Female-friendly brand THINX, a four-year-old start-up famous for its outspoken self-styled “SHE-EO” Miki Agrawal, has attracted further controversy with employees laying multiple criticisms at the firm.
The brand, who retail period underwear, have been accused, by former and current employees, of offering substandard pay, “flimsy benefits” such as short parental leave periods, and insulting salary negotiations – reports Racked.
One former employee spoke to Racked: “Whenever anybody would try to negotiate with [Agrawal] she would go back to the fact that we’re young and just be like, ‘Oh, you’re in your 20s. You don’t need a lot of money.”
Another wrote: “It honestly felt like a middle school environment: pitting people against each other, calling us petty children and [saying that we were] immature and that we're all these millennials that don't know anything.”
On Glassdoor, on employee wrote: “The team encourages self-advocacy, and as long as you work hard and consistently wave your ‘freak-flag,’ you can go from an entry-level team member to someone who gets to work closely with the Trump-like CEO, in a matter of months.”
Racked reports that "several sources say they either took a pay cut or accepted a below-market-rate salary”, and that if employees dared to negotiate for more money, they were dismissed as “ungrateful” by Agrawal.
Employees accuse Agrawal of engineering the firm’s positive Glassdoor reviews.
Agrawal has also been accused of being hypocritical – and not espousing the feminist ethos her branding appears to support.
In January 2016, Agrawal told a writer from The Cut: “I only started relating to being a feminist, literally, right when I started my company.”
The company has also been accused of having lewd adds that do not fit in with, what many supporters of feminist movements would consider, the image of modern feminism.
Responding to criticisms in a statement, THINX said: “Our leadership is getting to the bottom of these allegations, and, as ever, we are actively working to address and improve our corporate culture. We look forward to updating the community as new leaders and corporate processes are put into place. Thank you, everyone, for bearing with us in the meantime.”

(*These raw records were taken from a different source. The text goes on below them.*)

(* Let $\xi=\xi_{\{\mu\}}$ be a non-trivial GCKV on $\mathbb{E}^2$ with parameters $\mu=(\mu_0,\mu_1,\mu_2)$ and set $\mu_0':=\frac14(2\mu_0\mu_2-\mu_1^2)$. Let $\mathbb{A}_0\in SL(2,\mathbb{C})$ be any element of the form $\mathbb{A}_0=\begin{pmatrix}\frac12(\delta\mu_2-\gamma\mu_1)&\frac12\delta\mu_1-\gamma\mu_0\\ \gamma&\delta\end{pmatrix}$ with $\frac12\delta^2\mu_2-\gamma\delta\mu_1+\gamma^2\mu_0=1$. Then the set of all $\mathbb{A}\in SL(2,\mathbb{C})$ such that $\chi^{\mathbb{A}}_\star(\xi)$ is in canonical form is $\mathbb{A}_{\mu_0'}\cdot\mathbb{A}_0=\{\mathbb{B}\mathbb{A}_0:\mathbb{B}\in\mathbb{A}_{\mu_0'}\}$, where $\mathbb{A}_{c}:=\left\{\begin{pmatrix}\delta'&-\gamma' c\\ \gamma'&\delta'\end{pmatrix}:\delta'^2+c\gamma'^2=1\right\}$.
   Context: $\mathbb{E}^2$ is the Euclidean plane with Cartesian coordinates $\{x,y\}$ and $z=\frac12(x-iy)$. A GCKV with parameters $\mu\in\mathbb{C}^3$ is $\xi_{\{\mu\}}=(\mu_0+\mu_1z+\frac12\mu_2z^2)\partial_z+(\bar\mu_0+\bar\mu_1\bar z+\frac12\bar\mu_2\bar z^2)\partial_{\bar z}$; it is in canonical form when $\mu_1=0,\mu_2=2$. For $\mathbb{A}=\begin{pmatrix}\alpha&\beta\\ \gamma&\delta\end{pmatrix}\in SL(2,\mathbb{C})$, $\chi^{\mathbb{A}}$ is the Möbius transformation $z\mapsto(\alpha z+\beta)/(\gamma z+\delta)$ of the Riemann sphere and $\chi^{\mathbb{A}}_\star$ denotes push-forward (which maps GCKVs to GCKVs). *)

theory Defs
  imports "HOL-Analysis.Analysis"
begin

text \<open>Elements of SL(2,C) are represented as quadruples (alpha, beta, gamma, delta)
  standing for the matrix [[alpha, beta],[gamma, delta]].\<close>

type_synonym mat2 = "complex \<times> complex \<times> complex \<times> complex"

definition SL2 :: "mat2 set" where
  "SL2 = {(a, b, c, d). a * d - b * c = 1}"

definition mmul :: "mat2 \<Rightarrow> mat2 \<Rightarrow> mat2" where
  "mmul A B = (case A of (a, b, c, d) \<Rightarrow> case B of (a', b', c', d') \<Rightarrow>
     (a * a' + b * c', a * b' + b * d', c * a' + d * c', c * b' + d * d'))"

definition moebius :: "mat2 \<Rightarrow> complex \<Rightarrow> complex" where
  "moebius A z = (case A of (a, b, c, d) \<Rightarrow> (a * z + b) / (c * z + d))"

definition moeb_den :: "mat2 \<Rightarrow> complex \<Rightarrow> complex" where
  "moeb_den A z = (case A of (a, b, c, d) \<Rightarrow> c * z + d)"

text \<open>The holomorphic coefficient of the GCKV xi_{mu}: xi = f(z) d_z + conj(f(z)) d_{zbar}
  with f(z) = mu0 + mu1 z + 1/2 mu2 z^2.\<close>
definition gckv_coeff :: "complex \<times> complex \<times> complex \<Rightarrow> complex \<Rightarrow> complex" where
  "gckv_coeff \<mu> z = (case \<mu> of (m0, m1, m2) \<Rightarrow> m0 + m1 * z + m2 * z^2 / 2)"

text \<open>nu are the parameters of the push-forward chi^A_* xi_{mu}: the push-forward of
  f(z) d_z is (chi'(z) f(z)) d_w at w = chi(z) (the d_{zbar} part is its conjugate).\<close>
definition is_pushforward :: "mat2 \<Rightarrow> complex \<times> complex \<times> complex \<Rightarrow> complex \<times> complex \<times> complex \<Rightarrow> bool" where
  "is_pushforward A \<mu> \<nu> \<longleftrightarrow>
     (\<forall>z. moeb_den A z \<noteq> 0 \<longrightarrow>
        gckv_coeff \<nu> (moebius A z) = deriv (moebius A) z * gckv_coeff \<mu> z)"

definition pushforward_canonical :: "mat2 \<Rightarrow> complex \<times> complex \<times> complex \<Rightarrow> bool" where
  "pushforward_canonical A \<mu> \<longleftrightarrow>
     (\<exists>\<nu>0 \<nu>1 \<nu>2. is_pushforward A \<mu> (\<nu>0, \<nu>1, \<nu>2) \<and> \<nu>1 = 0 \<and> \<nu>2 = 2)"

definition Acal :: "complex \<Rightarrow> mat2 set" where
  "Acal c = {(d', - g' * c, g', d') | d' g'. d'^2 + c * g'^2 = 1}"

end

theory Submission
  imports Defs
begin

text \<open>Push-forward by \<open>\<chi>\<^sup>\<bbbA>\<close> acts on the coefficient polynomial of a GCKV by a substitution
  of homogeneous coordinates, so the parameters of \<open>\<chi>\<^sup>\<bbbA>\<^sub>\<star>\<xi>\<close> are polynomials in the entries
  of \<open>\<bbbA>\<close> and \<open>\<mu>\<close>, and this action respects matrix multiplication. The condition on
  \<open>\<bbbA>\<^sub>0\<close> says exactly that \<open>\<bbbA>\<^sub>0 \<in> SL(2,\<complex>)\<close> brings \<open>\<xi>\<close> to the canonical field with parameters
  \<open>(\<mu>\<^sub>0', 0, 2)\<close>. Hence \<open>\<bbbA>\<close> brings \<open>\<xi>\<close> to canonical form iff \<open>\<bbbA>\<bbbA>\<^sub>0\<^sup>-\<^sup>1\<close> keeps that
  canonical field in canonical form, and solving these equations under \<open>det = 1\<close> gives
  precisely \<open>\<bbbA>\<^bsub>\<mu>\<^sub>0'\<^esub>\<close>.\<close>

definition minv :: "mat2 \<Rightarrow> mat2" where
  "minv A = (case A of (a, b, c, d) \<Rightarrow> (d, - b, - c, a))"

lemma mmul_assoc: "mmul (mmul A B) C = mmul A (mmul B C)"
  by (cases A; cases B; cases C) (simp add: mmul_def algebra_simps)

lemma mmul_one_right [simp]: "mmul A (1, 0, 0, 1) = A"
  by (cases A) (simp add: mmul_def)

lemma SL2_mmul:
  assumes "A \<in> SL2" "B \<in> SL2"
  shows "mmul A B \<in> SL2"
proof -
  obtain a b c d a' b' c' d' where "A = (a, b, c, d)" "B = (a', b', c', d')"
    by (cases A; cases B)
  moreover have "(a * a' + b * c') * (c * b' + d * d') - (a * b' + b * d') * (c * a' + d * c') =
      (a * d - b * c) * (a' * d' - b' * c')"
    by algebra
  ultimately show ?thesis
    using assms by (simp add: SL2_def mmul_def)
qed

lemma SL2_minv: "A \<in> SL2 \<Longrightarrow> minv A \<in> SL2"
  by (cases A) (simp add: SL2_def minv_def algebra_simps)

lemma mmul_minv_right: "A \<in> SL2 \<Longrightarrow> mmul A (minv A) = (1, 0, 0, 1)"
  by (cases A) (simp add: SL2_def minv_def mmul_def algebra_simps)

lemma mmul_minv_left: "A \<in> SL2 \<Longrightarrow> mmul (minv A) A = (1, 0, 0, 1)"
  by (cases A) (simp add: SL2_def minv_def mmul_def algebra_simps)

lemma image_mmul_right_SL2:
  assumes "A0 \<in> SL2" "S \<subseteq> SL2"
  shows "(\<lambda>B. mmul B A0) ` S = {A \<in> SL2. mmul A (minv A0) \<in> S}"
proof (intro set_eqI iffI)
  fix A assume "A \<in> (\<lambda>B. mmul B A0) ` S"
  then obtain B where "B \<in> S" "A = mmul B A0" by blast
  then show "A \<in> {A \<in> SL2. mmul A (minv A0) \<in> S}"
    using assms by (simp add: SL2_mmul subsetD mmul_assoc mmul_minv_right)
next
  fix A assume "A \<in> {A \<in> SL2. mmul A (minv A0) \<in> S}"
  moreover have "A = mmul (mmul A (minv A0)) A0"
    using assms(1) by (simp add: mmul_assoc mmul_minv_left)
  ultimately show "A \<in> (\<lambda>B. mmul B A0) ` S" by blast
qed

lemma Acal_subset_SL2: "Acal K \<subseteq> SL2"
  by (auto simp: Acal_def SL2_def power2_eq_square algebra_simps)

lemma moebius_has_field_derivative:
  assumes "A \<in> SL2" "moeb_den A z \<noteq> 0"
  shows "(moebius A has_field_derivative 1 / (moeb_den A z)\<^sup>2) (at z)"
proof (cases A)
  case (fields a b c d)
  have "((\<lambda>z. (a * z + b) / (c * z + d)) has_field_derivative
          (a * (c * z + d) - (a * z + b) * c) / (c * z + d)\<^sup>2) (at z)"
    using assms(2) fields
    by (auto intro!: derivative_eq_intros simp: moeb_den_def power2_eq_square)
  moreover have "a * (c * z + d) - (a * z + b) * c = 1"
    using assms(1) fields by (simp add: SL2_def algebra_simps)
  moreover have "moebius A = (\<lambda>z. (a * z + b) / (c * z + d))"
    using fields by (simp add: fun_eq_iff moebius_def)
  ultimately show ?thesis
    using fields by (simp add: moeb_den_def)
qed

text \<open>The coefficient of the push-forward at \<open>w\<close> is \<open>(a - c w)\<^sup>2 f((d w - b) / (a - c w))\<close>:
  the homogenised \<open>f\<close> at homogeneous coordinates of \<open>(\<chi>\<^sup>\<bbbA>)\<^sup>-\<^sup>1(w)\<close>.\<close>
definition pushforward_params :: "mat2 \<Rightarrow> complex \<times> complex \<times> complex \<Rightarrow> complex \<times> complex \<times> complex" where
  "pushforward_params A \<mu> = (case A of (a, b, c, d) \<Rightarrow> case \<mu> of (m0, m1, m2) \<Rightarrow>
     (m0 * a^2 - m1 * a * b + m2 * b^2 / 2,
      - 2 * m0 * a * c + m1 * (a * d + b * c) - m2 * b * d,
      2 * m0 * c^2 - 2 * m1 * c * d + m2 * d^2))"

lemma gckv_coeff_pushforward_params:
  "gckv_coeff (pushforward_params (a, b, c, d) (m0, m1, m2)) w =
     m0 * (a - c * w)\<^sup>2 + m1 * (d * w - b) * (a - c * w) + m2 / 2 * (d * w - b)\<^sup>2"
  by (simp add: gckv_coeff_def pushforward_params_def field_simps power2_eq_square)

lemma pushforward_params_mmul:
  "pushforward_params (mmul B A) \<mu> = pushforward_params B (pushforward_params A \<mu>)"
  by (cases A; cases B; cases \<mu>)
    (simp add: pushforward_params_def mmul_def field_simps power2_eq_square)

lemma is_pushforward_pushforward_params:
  assumes "A \<in> SL2"
  shows "is_pushforward A \<mu> (pushforward_params A \<mu>)"
  unfolding is_pushforward_def
proof (intro allI impI)
  fix z assume den: "moeb_den A z \<noteq> 0"
  obtain a b c d where A: "A = (a, b, c, d)" by (cases A)
  obtain m0 m1 m2 where \<mu>: "\<mu> = (m0, m1, m2)" by (cases \<mu>)
  define q where "q = c * z + d"
  define w where "w = (a * z + b) / q"
  have "q \<noteq> 0" "a * d - b * c = 1"
    using den assms by (simp_all add: A q_def moeb_den_def SL2_def)
  then have "a - c * w = 1 / q" "d * w - b = z / q"
    unfolding w_def q_def by (simp_all add: field_simps, algebra)
  then have "gckv_coeff (pushforward_params A \<mu>) w =
      m0 * (1 / q)\<^sup>2 + m1 * (z / q) * (1 / q) + m2 / 2 * (z / q)\<^sup>2"
    by (simp add: A \<mu> gckv_coeff_pushforward_params)
  also have "\<dots> = gckv_coeff \<mu> z / q\<^sup>2"
    using \<open>q \<noteq> 0\<close> by (simp add: \<mu> gckv_coeff_def field_simps power2_eq_square)
  finally have "gckv_coeff (pushforward_params A \<mu>) w = gckv_coeff \<mu> z / q\<^sup>2" .
  moreover have "deriv (moebius A) z = 1 / q\<^sup>2"
    using DERIV_imp_deriv[OF moebius_has_field_derivative[OF assms den]]
    by (simp add: A q_def moeb_den_def)
  ultimately show "gckv_coeff (pushforward_params A \<mu>) (moebius A z) =
      deriv (moebius A) z * gckv_coeff \<mu> z"
    by (simp add: A w_def q_def moebius_def)
qed

lemma moebius_preimage:
  assumes "(a, b, c, d) \<in> SL2" "a - c * w \<noteq> 0"
  defines "z \<equiv> (d * w - b) / (a - c * w)"
  shows "moeb_den (a, b, c, d) z \<noteq> 0" "moebius (a, b, c, d) z = w"
proof -
  have det: "a * d - b * c = 1" using assms(1) by (simp add: SL2_def)
  have "c * z + d = 1 / (a - c * w)" "a * z + b = w / (a - c * w)"
    using det assms(2) unfolding z_def by (simp_all add: field_simps, algebra+)
  then show "moeb_den (a, b, c, d) z \<noteq> 0" "moebius (a, b, c, d) z = w"
    using assms(2) by (simp_all add: moeb_den_def moebius_def)
qed

lemma gckv_coeff_eqI:
  assumes "\<And>w. w \<noteq> w0 \<Longrightarrow> gckv_coeff \<mu> w = gckv_coeff \<nu> w"
  shows "\<mu> = \<nu>"
proof -
  obtain m0 m1 m2 n0 n1 n2 where \<mu>: "\<mu> = (m0, m1, m2)" and \<nu>: "\<nu> = (n0, n1, n2)"
    by (cases \<mu>; cases \<nu>)
  have "m0 + m1 * (w0 + t) + m2 * (w0 + t)\<^sup>2 / 2 = n0 + n1 * (w0 + t) + n2 * (w0 + t)\<^sup>2 / 2"
    if "t \<noteq> 0" for t
    using assms[of "w0 + t"] that by (simp add: \<mu> \<nu> gckv_coeff_def)
  from this[of 1] this[of "- 1"] this[of 2] have "m2 = n2" "m1 = n1" "m0 = n0"
    by (simp_all add: field_simps, algebra+)
  then show ?thesis by (simp add: \<mu> \<nu>)
qed

lemma is_pushforward_unique:
  assumes "A \<in> SL2" "is_pushforward A \<mu> \<nu>"
  shows "\<nu> = pushforward_params A \<mu>"
proof (cases A)
  case (fields a b c d)
  define w0 where "w0 = (if c = 0 then 0 else a / c)"
  have "a - c * w \<noteq> 0" if "w \<noteq> w0" for w
    using assms(1) that by (auto simp: fields SL2_def w0_def field_simps split: if_splits)
  then have "gckv_coeff \<nu> w = gckv_coeff (pushforward_params A \<mu>) w" if "w \<noteq> w0" for w
    using moebius_preimage[of a b c d w] assms is_pushforward_pushforward_params[OF assms(1)] that
    unfolding is_pushforward_def fields by metis
  then show ?thesis by (rule gckv_coeff_eqI)
qed

definition is_canonical :: "complex \<times> complex \<times> complex \<Rightarrow> bool" where
  "is_canonical \<nu> \<longleftrightarrow> (\<exists>\<nu>0. \<nu> = (\<nu>0, 0, 2))"

lemma pushforward_canonical_iff:
  "A \<in> SL2 \<Longrightarrow> pushforward_canonical A \<mu> \<longleftrightarrow> is_canonical (pushforward_params A \<mu>)"
  unfolding pushforward_canonical_def is_canonical_def
  by (metis is_pushforward_unique is_pushforward_pushforward_params)

lemma is_canonical_pushforward_params_iff_Acal:
  assumes "B \<in> SL2"
  shows "is_canonical (pushforward_params B (K, 0, 2)) \<longleftrightarrow> B \<in> Acal K"
proof -
  obtain a b c d where B: "B = (a, b, c, d)" by (cases B)
  have det: "a * d - b * c = 1" using assms by (simp add: B SL2_def)
  have "is_canonical (pushforward_params B (K, 0, 2)) \<longleftrightarrow>
      b * d + K * a * c = 0 \<and> d\<^sup>2 + K * c\<^sup>2 = 1"
    by (auto simp: B is_canonical_def pushforward_params_def algebra_simps; algebra)
  \<comment> \<open>e.g. \<open>a = a (d\<^sup>2 + K c\<^sup>2) = d (1 + b c) + K a c\<^sup>2 = d + c (b d + K a c)\<close>\<close>
  also have "\<dots> \<longleftrightarrow> a = d \<and> b = - c * K \<and> d\<^sup>2 + K * c\<^sup>2 = 1"
    using det by (auto simp: power2_eq_square, algebra+)
  also have "\<dots> \<longleftrightarrow> B \<in> Acal K"
    by (auto simp: B Acal_def mult.commute)
  finally show ?thesis .
qed

theorem corollary7p4:
  fixes \<mu>0 \<mu>1 \<mu>2 \<gamma> \<delta> :: complex
  assumes nontriv: "(\<mu>0, \<mu>1, \<mu>2) \<noteq> (0, 0, 0)"
    and cond: "\<delta>^2 * \<mu>2 / 2 - \<gamma> * \<delta> * \<mu>1 + \<gamma>^2 * \<mu>0 = 1"
  shows "{A \<in> SL2. pushforward_canonical A (\<mu>0, \<mu>1, \<mu>2)} =
     (\<lambda>B. mmul B ((\<delta> * \<mu>2 - \<gamma> * \<mu>1) / 2, \<delta> * \<mu>1 / 2 - \<gamma> * \<mu>0, \<gamma>, \<delta>))
       ` Acal ((2 * \<mu>0 * \<mu>2 - \<mu>1^2) / 4)"
proof -
  define \<mu> where "\<mu> = (\<mu>0, \<mu>1, \<mu>2)"
  define A0 where "A0 = ((\<delta> * \<mu>2 - \<gamma> * \<mu>1) / 2, \<delta> * \<mu>1 / 2 - \<gamma> * \<mu>0, \<gamma>, \<delta>)"
  define K where "K = (2 * \<mu>0 * \<mu>2 - \<mu>1^2) / 4"
  have A0: "A0 \<in> SL2" "pushforward_params A0 \<mu> = (K, 0, 2)"
    using cond by (simp_all add: A0_def \<mu>_def K_def SL2_def pushforward_params_def
        field_simps power2_eq_square, algebra+)
  have "pushforward_canonical A \<mu> \<longleftrightarrow> mmul A (minv A0) \<in> Acal K" if "A \<in> SL2" for A
  proof -
    have "pushforward_params A \<mu> = pushforward_params (mmul (mmul A (minv A0)) A0) \<mu>"
      using A0(1) by (simp add: mmul_assoc mmul_minv_left)
    also have "\<dots> = pushforward_params (mmul A (minv A0)) (K, 0, 2)"
      using A0(2) by (simp only: pushforward_params_mmul)
    finally show ?thesis
      using pushforward_canonical_iff[OF that] SL2_mmul[OF that SL2_minv[OF A0(1)]]
      by (simp add: is_canonical_pushforward_params_iff_Acal)
  qed
  then show ?thesis
    using image_mmul_right_SL2[OF A0(1) Acal_subset_SL2, of K]
    by (auto simp: \<mu>_def A0_def K_def)
qed

end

Agrawal announced that she would step down as CEO but there is still work to do, in a company that lacks concrete HR guidelines.
Judith Ohikuare, writer at Refinery29, argues that even if THINX had solid HR guidelines, recent events at Uber have shown that aggressive corporate cultures can compromise employee wellness.
She wrote: “HR is hardly a panacea — just ask former Uber employee Susan Fowler. In the absence of structural checks, employees will take their cues for what is and isn’t acceptable from the top.”